**About this task:** The answer must be every line of the records below that contains the word "exists", copied out.

**Dataset excerpts:**
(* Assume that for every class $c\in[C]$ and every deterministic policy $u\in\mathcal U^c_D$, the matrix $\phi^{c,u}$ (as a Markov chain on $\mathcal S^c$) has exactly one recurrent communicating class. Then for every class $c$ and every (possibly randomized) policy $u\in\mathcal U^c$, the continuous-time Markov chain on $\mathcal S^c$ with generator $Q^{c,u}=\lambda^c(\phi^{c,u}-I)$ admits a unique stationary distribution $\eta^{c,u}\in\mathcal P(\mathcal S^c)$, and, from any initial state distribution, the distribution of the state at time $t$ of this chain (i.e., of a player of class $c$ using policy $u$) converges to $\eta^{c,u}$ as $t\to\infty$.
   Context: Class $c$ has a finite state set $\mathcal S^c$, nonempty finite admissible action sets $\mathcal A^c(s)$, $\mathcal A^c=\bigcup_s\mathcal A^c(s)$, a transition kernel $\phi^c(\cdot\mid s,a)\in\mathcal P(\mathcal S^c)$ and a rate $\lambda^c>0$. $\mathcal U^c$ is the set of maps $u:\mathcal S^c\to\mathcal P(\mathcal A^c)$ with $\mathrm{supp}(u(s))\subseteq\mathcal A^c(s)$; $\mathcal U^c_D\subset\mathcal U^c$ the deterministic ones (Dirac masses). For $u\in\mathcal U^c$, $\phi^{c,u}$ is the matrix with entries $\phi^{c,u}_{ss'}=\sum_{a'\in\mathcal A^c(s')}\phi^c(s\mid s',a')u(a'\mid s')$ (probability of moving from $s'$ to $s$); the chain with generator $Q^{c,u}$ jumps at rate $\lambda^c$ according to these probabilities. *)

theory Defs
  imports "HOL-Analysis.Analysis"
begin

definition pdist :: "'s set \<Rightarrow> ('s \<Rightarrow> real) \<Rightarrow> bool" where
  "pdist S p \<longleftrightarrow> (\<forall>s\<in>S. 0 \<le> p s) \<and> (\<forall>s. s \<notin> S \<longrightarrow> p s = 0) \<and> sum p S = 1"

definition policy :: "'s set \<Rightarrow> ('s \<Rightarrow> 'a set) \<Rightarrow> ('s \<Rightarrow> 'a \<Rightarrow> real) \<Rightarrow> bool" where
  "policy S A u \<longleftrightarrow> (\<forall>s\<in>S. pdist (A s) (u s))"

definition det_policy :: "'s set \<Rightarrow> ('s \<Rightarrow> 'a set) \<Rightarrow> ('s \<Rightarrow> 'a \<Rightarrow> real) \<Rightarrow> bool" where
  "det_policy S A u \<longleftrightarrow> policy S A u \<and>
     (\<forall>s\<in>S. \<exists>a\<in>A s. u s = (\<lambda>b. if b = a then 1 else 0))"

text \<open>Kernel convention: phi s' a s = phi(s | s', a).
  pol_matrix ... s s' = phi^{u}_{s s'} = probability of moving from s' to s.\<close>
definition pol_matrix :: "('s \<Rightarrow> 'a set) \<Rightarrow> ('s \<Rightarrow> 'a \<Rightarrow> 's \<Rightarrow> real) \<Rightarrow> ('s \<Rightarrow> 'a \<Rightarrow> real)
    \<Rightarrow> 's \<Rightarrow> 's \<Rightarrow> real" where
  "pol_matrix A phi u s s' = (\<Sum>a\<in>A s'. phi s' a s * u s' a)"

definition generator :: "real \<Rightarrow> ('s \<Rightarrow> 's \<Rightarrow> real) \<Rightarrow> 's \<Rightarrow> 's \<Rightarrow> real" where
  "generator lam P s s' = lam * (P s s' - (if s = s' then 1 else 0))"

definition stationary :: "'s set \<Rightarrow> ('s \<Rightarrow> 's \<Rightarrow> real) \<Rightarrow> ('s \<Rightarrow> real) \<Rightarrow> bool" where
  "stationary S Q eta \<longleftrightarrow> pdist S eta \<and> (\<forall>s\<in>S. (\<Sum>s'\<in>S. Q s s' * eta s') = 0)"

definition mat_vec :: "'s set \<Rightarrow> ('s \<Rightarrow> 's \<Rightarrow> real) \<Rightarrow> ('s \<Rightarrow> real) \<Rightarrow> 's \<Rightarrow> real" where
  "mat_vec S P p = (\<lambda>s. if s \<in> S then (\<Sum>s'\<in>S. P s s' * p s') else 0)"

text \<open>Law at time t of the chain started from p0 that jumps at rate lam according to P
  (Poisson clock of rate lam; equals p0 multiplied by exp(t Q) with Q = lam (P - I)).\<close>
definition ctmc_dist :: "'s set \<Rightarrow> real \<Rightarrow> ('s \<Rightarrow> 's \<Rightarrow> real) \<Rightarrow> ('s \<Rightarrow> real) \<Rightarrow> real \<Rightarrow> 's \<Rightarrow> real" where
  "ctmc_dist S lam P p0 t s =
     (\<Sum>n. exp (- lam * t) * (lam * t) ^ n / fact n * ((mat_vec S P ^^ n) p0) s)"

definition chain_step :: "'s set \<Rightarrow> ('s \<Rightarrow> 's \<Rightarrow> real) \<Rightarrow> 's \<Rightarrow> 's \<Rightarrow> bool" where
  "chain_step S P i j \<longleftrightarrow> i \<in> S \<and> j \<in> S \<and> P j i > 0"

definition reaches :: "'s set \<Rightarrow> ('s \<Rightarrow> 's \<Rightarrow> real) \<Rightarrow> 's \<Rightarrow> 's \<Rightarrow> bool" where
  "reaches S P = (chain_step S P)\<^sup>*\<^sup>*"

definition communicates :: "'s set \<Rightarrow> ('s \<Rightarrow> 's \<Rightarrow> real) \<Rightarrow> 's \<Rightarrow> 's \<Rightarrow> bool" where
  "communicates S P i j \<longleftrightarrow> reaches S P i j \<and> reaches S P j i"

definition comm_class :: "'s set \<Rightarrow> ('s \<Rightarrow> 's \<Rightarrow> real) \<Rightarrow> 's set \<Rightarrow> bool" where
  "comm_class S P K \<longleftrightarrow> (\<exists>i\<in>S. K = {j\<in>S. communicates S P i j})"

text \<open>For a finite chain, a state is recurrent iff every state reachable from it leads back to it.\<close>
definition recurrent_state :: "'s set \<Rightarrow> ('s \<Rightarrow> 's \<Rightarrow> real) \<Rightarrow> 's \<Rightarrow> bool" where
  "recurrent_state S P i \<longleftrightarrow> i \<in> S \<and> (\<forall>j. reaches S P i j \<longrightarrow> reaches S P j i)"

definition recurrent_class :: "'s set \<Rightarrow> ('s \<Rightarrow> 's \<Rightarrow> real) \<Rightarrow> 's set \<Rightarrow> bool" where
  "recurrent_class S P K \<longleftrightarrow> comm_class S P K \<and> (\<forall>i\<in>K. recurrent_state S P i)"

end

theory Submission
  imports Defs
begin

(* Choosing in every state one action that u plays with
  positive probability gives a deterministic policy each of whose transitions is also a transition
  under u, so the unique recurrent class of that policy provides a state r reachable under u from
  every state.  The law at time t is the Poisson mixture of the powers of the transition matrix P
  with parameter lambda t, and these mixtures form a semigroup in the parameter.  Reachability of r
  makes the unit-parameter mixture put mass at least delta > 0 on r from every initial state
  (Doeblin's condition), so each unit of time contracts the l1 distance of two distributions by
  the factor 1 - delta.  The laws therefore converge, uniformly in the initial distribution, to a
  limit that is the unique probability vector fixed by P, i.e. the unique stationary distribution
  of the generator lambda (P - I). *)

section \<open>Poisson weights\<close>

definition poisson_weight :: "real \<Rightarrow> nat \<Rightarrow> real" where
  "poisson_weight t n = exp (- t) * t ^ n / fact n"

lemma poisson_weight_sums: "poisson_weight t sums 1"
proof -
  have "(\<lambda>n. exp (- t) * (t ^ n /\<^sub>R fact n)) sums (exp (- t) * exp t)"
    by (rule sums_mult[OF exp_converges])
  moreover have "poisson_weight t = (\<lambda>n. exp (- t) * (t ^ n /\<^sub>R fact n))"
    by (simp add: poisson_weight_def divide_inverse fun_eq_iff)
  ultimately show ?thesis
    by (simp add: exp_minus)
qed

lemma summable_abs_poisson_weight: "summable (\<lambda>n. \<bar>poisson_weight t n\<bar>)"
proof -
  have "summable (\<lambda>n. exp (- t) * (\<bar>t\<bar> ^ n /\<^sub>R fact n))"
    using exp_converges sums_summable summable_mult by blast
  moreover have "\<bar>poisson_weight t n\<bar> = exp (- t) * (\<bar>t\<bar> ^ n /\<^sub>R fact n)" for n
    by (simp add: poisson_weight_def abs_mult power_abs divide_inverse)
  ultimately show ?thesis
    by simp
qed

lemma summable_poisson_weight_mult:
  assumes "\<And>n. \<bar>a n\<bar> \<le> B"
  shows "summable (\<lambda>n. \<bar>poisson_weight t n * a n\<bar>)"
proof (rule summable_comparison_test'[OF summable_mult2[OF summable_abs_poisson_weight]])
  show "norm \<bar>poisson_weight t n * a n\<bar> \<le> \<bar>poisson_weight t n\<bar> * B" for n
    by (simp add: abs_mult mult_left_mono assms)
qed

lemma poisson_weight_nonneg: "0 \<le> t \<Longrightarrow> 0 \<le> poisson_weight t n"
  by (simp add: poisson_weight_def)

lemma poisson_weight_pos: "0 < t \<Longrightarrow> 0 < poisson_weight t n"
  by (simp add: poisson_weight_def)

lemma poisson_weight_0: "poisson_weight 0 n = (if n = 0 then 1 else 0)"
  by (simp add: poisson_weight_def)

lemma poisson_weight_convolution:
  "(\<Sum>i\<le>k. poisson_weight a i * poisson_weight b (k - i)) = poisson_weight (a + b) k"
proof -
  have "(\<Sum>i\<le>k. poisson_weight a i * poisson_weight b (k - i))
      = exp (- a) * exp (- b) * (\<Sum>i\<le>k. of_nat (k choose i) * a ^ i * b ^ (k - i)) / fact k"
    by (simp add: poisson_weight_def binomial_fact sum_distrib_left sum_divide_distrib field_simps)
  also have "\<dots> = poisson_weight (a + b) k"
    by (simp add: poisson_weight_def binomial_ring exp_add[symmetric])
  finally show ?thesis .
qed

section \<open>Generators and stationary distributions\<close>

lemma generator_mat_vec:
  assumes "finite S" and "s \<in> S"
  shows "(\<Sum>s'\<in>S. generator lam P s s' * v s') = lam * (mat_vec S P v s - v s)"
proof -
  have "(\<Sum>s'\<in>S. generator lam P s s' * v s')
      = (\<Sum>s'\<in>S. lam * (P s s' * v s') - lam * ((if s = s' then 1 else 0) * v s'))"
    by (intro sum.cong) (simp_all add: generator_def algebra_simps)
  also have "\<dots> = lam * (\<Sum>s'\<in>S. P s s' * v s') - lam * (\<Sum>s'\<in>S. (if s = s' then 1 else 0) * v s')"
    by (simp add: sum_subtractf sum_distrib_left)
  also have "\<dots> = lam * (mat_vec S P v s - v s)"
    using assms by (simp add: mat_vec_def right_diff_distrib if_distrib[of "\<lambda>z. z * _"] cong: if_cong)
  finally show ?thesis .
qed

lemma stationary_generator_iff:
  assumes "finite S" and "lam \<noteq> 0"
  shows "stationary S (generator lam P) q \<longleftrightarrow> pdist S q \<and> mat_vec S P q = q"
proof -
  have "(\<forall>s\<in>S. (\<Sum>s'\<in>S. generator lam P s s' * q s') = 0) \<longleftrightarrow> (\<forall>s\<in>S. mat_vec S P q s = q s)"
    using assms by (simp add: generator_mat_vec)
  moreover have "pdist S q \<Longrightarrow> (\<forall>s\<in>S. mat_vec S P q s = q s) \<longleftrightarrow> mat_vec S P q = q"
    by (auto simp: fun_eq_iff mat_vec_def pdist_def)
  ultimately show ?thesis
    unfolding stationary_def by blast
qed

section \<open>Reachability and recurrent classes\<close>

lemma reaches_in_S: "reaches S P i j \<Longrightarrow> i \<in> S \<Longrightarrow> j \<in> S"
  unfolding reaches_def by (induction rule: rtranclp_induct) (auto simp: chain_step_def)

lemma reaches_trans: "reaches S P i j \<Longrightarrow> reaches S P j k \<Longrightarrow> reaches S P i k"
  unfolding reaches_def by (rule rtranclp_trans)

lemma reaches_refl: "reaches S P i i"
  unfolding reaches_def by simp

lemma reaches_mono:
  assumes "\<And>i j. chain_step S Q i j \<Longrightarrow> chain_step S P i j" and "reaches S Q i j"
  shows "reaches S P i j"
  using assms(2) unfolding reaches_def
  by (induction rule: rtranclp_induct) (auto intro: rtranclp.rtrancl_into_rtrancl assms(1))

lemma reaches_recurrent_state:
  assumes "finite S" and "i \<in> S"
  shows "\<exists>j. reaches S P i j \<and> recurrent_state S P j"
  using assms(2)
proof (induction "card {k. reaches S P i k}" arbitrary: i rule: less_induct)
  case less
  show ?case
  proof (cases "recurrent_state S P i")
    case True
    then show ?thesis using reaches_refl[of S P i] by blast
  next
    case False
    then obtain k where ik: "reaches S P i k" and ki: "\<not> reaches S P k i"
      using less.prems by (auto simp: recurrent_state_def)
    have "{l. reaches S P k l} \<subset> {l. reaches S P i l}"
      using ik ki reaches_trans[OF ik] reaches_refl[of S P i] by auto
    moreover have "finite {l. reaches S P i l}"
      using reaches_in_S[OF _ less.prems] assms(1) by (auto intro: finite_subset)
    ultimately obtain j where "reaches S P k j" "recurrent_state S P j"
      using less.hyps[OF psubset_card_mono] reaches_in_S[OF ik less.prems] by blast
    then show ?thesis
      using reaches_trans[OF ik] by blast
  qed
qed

**Written solution:**
     (\<forall>s\<in>S. \<exists>a\<in>A s. u s = (\<lambda>b. if b = a then 1 else 0))"
  "comm_class S P K \<longleftrightarrow> (\<exists>i\<in>S. K = {j\<in>S. communicates S P i j})"
  shows "\<exists>j. reaches S P i j \<and> recurrent_state S P j"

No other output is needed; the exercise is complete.